Coronavirus deaths and cases per day in the U.S. dropped markedly over the past couple of weeks but are still running at alarmingly high levels, and the effort to snuff out COVID-19 is becoming an ever more urgent race between the vaccine and the mutating virus.

The government’s top infectious-disease expert, Dr. Anthony Fauci, said the improvement in numbers around the country appears to reflect a “natural peaking and then plateauing” after a holiday surge, rather than the arrival of the vaccine in mid-December.

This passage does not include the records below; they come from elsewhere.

lemma wls_perturbation_weights:
  fixes A :: "real^'k::finite^'n::finite"
  assumes inj: "inj ((*v) A)"
    and lo1: "\<And>k. sm \<le> p1$k" and hi1: "\<And>k. p1$k \<le> sp"
    and lo2: "\<And>k. sm \<le> p2$k" and hi2: "\<And>k. p2$k \<le> sp" and sm: "sm > 0"
    and g: "norm g \<le> C1"
  shows "norm (wls_coeff A p1 g - wls_coeff A p2 g)
           \<le> op2norm (pinv A) * sqrt (sp / sm) * (C1 / sm * norm (p1 - p2))"
    and "norm (diagm p1 *v wls_residual A p1 g - diagm p2 *v wls_residual A p2 g)
           \<le> sp * (C1 / sm * norm (p1 - p2))"
proof -
  have p1: "p1$k > 0" and p2: "p2$k > 0" for k using lo1[of k] lo2[of k] sm by linarith+
  have C1: "C1 \<ge> 0" using g norm_ge_zero order_trans by blast
  have sp: "sp > 0" using lo1 hi1 sm by (meson less_le_trans)
  define r1 where "r1 = wls_residual A p1 g"
  define r2 where "r2 = wls_residual A p2 g"
  define z where "z = wls_coeff A p1 g - wls_coeff A p2 g"
  define w where "w = (\<chi> k. (p1$k - p2$k) * r2$k / p1$k)"
  define s where "s = w - A *v z"
  have Ds: "diagm p1 *v s = diagm p1 *v r1 - diagm p2 *v r2"
  proof -
    have "A *v z = r2 - r1"
      by (simp add: z_def r1_def r2_def wls_residual_def matrix_vector_mult_diff_distrib)
    moreover have "p1$k * (w$k - (r2$k - r1$k)) = p1$k * r1$k - p2$k * r2$k" for k
      using p1[of k] by (simp add: w_def field_simps)
    ultimately show ?thesis by (simp add: vec_eq_iff diagm_mult_vec_nth s_def)
  qed
  have orth: "transpose A *v (diagm p1 *v s) = 0"
    using wls_residual_orthogonal[OF inj p1, of g] wls_residual_orthogonal[OF inj p2, of g]
    by (simp add: Ds matrix_vector_mult_diff_distrib r1_def r2_def)
  have "weighted_sq_norm p1 w \<le> (\<Sum>k\<in>UNIV. (p1$k - p2$k)\<^sup>2 * ((norm r2)\<^sup>2 / sm))"
    unfolding weighted_sq_norm_def
  proof (rule sum_mono)
    fix k
    have "(r2$k)\<^sup>2 \<le> (norm r2)\<^sup>2"
      using component_le_norm_cart[of r2 k] by (metis abs_ge_zero power2_abs power_mono)
    then have "(r2$k)\<^sup>2 / p1$k \<le> (norm r2)\<^sup>2 / sm"
      using lo1[of k] sm by (intro frac_le) auto
    moreover have "p1$k * (w$k)\<^sup>2 = (p1$k - p2$k)\<^sup>2 * ((r2$k)\<^sup>2 / p1$k)"
      using p1[of k] by (simp add: w_def power2_eq_square field_simps)
    ultimately show "p1$k * (w$k)\<^sup>2 \<le> (p1$k - p2$k)\<^sup>2 * ((norm r2)\<^sup>2 / sm)"
      by (metis mult_left_mono zero_le_power2)
  qed
  also have "\<dots> = (norm (p1 - p2))\<^sup>2 * ((norm r2)\<^sup>2 / sm)"
    by (simp add: norm_sq_vec[of "p1 - p2"] sum_distrib_right sum_divide_distrib)
  also have "\<dots> \<le> (norm (p1 - p2))\<^sup>2 * (sp / sm * C1\<^sup>2 / sm)"
  proof -
    have "sp / sm * (norm g)\<^sup>2 \<le> sp / sm * C1\<^sup>2"
      using g sm sp by (intro mult_left_mono power_mono) auto
    then have "(norm r2)\<^sup>2 \<le> sp / sm * C1\<^sup>2"
      using norm_wls_residual_sq_le[OF inj lo2 hi2 sm, of g] by (simp add: r2_def)
    then show ?thesis using sm by (intro mult_left_mono divide_right_mono) auto
  qed
  also have "\<dots> = sp * (C1 / sm * norm (p1 - p2))\<^sup>2"
    by (simp add: power2_eq_square)
  finally have "weighted_sq_norm p1 (s + A *v z) \<le> sp * (C1 / sm * norm (p1 - p2))\<^sup>2"
    by (simp add: s_def)
  from orthogonal_split_bounds[OF inj orth lo1 hi1 sm this] sm C1
  show "norm (wls_coeff A p1 g - wls_coeff A p2 g)
          \<le> op2norm (pinv A) * sqrt (sp / sm) * (C1 / sm * norm (p1 - p2))"
    and "norm (diagm p1 *v wls_residual A p1 g - diagm p2 *v wls_residual A p2 g)
          \<le> sp * (C1 / sm * norm (p1 - p2))"
    by (simp_all add: z_def Ds r1_def r2_def)
qed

The U.S. is recording just under 3,100 deaths a day on average, down from more than 3,350 less than two weeks ago. New cases are averaging about 170,000 a day after peaking at almost 250,000 on Jan. 11. The number of hospitalized COVID-19 patients has fallen to about 110,000 from a high of 132,000 on Jan. 7.

States that have been hot spots in recent weeks such as California and Arizona have shown similar improvements during the same period.

On Monday, California lifted regional stay-at-home orders in favor of county-by-county restrictions and ended a 10 p.m. curfew. The shift will allow restaurants and churches to resume outdoor operations and hair and nail salons to reopen in many places, though local officials could maintain stricter rules.

Elsewhere, Minnesota school districts have begun bringing elementary students back for in-person learning. Chicago’s school system, the nation’s third-largest district, had hoped to bring teachers back Monday to prepare for students to return next month, but the teachers union has refused. Illinois announced that more counties will be able to offer limited indoor dining.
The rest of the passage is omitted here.